==== Provided entries
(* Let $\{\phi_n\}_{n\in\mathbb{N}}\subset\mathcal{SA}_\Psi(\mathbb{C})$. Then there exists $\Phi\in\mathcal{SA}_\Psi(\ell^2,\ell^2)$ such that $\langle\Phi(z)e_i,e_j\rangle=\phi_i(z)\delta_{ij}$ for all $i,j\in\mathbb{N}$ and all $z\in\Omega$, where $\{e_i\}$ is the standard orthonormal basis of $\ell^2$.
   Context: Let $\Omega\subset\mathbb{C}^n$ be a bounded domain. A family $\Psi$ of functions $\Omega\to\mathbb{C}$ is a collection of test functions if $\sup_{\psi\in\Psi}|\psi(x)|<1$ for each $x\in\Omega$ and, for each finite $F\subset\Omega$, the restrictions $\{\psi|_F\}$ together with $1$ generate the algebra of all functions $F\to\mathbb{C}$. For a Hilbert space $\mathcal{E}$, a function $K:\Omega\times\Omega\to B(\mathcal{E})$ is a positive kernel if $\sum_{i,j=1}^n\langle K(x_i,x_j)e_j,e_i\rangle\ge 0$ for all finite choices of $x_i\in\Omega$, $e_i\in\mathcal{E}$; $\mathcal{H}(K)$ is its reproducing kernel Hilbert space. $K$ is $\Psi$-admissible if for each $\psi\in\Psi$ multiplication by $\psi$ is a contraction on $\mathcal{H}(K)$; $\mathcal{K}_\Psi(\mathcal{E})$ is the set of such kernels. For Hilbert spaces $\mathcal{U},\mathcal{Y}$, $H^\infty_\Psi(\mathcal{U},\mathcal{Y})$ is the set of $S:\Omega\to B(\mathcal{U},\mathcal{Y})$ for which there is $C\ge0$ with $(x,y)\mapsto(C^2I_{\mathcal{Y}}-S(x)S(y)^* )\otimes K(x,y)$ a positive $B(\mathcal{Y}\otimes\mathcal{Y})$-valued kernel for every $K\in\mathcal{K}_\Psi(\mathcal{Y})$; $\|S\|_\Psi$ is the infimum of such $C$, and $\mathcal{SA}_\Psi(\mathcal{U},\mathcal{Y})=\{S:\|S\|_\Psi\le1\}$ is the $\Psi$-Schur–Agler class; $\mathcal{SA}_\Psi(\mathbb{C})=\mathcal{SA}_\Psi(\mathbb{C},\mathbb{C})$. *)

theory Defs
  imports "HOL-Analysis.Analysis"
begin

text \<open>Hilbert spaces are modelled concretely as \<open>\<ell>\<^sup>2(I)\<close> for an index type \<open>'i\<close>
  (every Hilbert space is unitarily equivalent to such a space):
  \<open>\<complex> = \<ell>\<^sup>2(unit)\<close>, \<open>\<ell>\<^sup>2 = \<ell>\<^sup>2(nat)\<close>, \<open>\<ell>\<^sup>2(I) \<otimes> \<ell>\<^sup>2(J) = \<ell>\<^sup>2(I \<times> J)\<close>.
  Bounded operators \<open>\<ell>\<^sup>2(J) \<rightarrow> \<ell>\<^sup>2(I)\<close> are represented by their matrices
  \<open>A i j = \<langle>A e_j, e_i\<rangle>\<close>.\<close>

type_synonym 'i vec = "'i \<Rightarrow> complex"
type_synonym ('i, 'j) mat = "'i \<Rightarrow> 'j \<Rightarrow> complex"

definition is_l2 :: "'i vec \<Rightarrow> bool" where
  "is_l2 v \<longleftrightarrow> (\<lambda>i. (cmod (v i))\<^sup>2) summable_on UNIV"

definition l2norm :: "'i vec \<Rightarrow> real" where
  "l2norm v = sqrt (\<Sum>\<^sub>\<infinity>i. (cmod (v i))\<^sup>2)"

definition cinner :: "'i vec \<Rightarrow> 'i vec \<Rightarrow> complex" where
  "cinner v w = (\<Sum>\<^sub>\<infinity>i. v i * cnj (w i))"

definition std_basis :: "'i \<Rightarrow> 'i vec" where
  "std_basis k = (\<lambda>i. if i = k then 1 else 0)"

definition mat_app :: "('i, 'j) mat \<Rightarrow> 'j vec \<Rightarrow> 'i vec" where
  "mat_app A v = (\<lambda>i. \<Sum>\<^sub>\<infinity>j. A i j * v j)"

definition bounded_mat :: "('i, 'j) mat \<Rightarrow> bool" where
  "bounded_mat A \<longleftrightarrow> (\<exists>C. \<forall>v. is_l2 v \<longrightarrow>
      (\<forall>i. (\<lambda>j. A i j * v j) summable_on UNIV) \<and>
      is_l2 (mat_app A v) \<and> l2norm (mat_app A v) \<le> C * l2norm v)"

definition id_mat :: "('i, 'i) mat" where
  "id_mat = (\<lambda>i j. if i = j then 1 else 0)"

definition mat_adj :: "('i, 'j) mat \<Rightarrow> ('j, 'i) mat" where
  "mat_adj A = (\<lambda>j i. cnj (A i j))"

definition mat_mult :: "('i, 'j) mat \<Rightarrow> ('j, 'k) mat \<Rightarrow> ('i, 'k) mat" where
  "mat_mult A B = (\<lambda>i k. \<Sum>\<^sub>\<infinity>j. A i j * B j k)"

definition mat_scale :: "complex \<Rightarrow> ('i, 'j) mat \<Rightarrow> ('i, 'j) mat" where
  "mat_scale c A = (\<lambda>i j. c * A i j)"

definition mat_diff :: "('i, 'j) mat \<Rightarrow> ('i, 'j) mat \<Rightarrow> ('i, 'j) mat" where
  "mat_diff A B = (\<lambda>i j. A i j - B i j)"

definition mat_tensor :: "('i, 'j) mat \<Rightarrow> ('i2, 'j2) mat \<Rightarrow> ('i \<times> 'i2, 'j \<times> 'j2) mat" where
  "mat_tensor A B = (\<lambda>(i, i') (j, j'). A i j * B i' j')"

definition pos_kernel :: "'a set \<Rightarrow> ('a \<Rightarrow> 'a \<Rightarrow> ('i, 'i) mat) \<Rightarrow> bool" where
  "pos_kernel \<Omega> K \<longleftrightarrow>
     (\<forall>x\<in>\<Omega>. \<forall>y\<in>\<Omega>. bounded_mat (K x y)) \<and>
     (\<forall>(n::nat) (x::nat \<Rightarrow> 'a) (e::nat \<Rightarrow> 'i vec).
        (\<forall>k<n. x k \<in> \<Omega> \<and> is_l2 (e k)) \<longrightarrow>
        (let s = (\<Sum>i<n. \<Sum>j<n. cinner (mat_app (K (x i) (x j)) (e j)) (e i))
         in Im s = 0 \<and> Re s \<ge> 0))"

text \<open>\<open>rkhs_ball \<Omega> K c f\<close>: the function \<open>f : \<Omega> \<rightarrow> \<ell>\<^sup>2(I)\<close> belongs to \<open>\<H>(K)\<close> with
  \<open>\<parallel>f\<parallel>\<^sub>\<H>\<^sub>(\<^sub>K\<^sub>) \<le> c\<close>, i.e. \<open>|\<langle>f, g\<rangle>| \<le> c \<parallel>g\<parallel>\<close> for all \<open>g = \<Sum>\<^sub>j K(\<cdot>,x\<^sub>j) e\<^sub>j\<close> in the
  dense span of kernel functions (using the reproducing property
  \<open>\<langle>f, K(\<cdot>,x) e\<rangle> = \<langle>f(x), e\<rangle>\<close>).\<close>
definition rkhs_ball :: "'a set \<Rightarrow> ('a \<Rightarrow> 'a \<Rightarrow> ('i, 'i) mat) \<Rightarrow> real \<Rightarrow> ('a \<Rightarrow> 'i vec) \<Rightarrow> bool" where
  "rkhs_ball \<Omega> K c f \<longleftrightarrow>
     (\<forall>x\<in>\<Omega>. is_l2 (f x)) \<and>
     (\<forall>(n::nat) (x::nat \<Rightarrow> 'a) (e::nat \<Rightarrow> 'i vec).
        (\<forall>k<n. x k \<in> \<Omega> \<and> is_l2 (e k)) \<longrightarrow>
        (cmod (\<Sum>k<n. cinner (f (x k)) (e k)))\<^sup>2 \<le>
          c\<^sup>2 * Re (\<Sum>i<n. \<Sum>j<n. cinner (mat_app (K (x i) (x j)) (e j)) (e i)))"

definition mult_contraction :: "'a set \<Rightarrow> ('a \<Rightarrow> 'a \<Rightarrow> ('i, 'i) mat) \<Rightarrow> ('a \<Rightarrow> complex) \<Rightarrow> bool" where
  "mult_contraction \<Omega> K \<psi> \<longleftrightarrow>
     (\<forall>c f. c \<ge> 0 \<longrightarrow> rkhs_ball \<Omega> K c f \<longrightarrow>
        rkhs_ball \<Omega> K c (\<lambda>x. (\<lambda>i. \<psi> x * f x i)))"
========
#### Brief:
Where the string "cmod" appears in a line of the material above, count that line, and say only how many there are.

#### Completed exercise:
3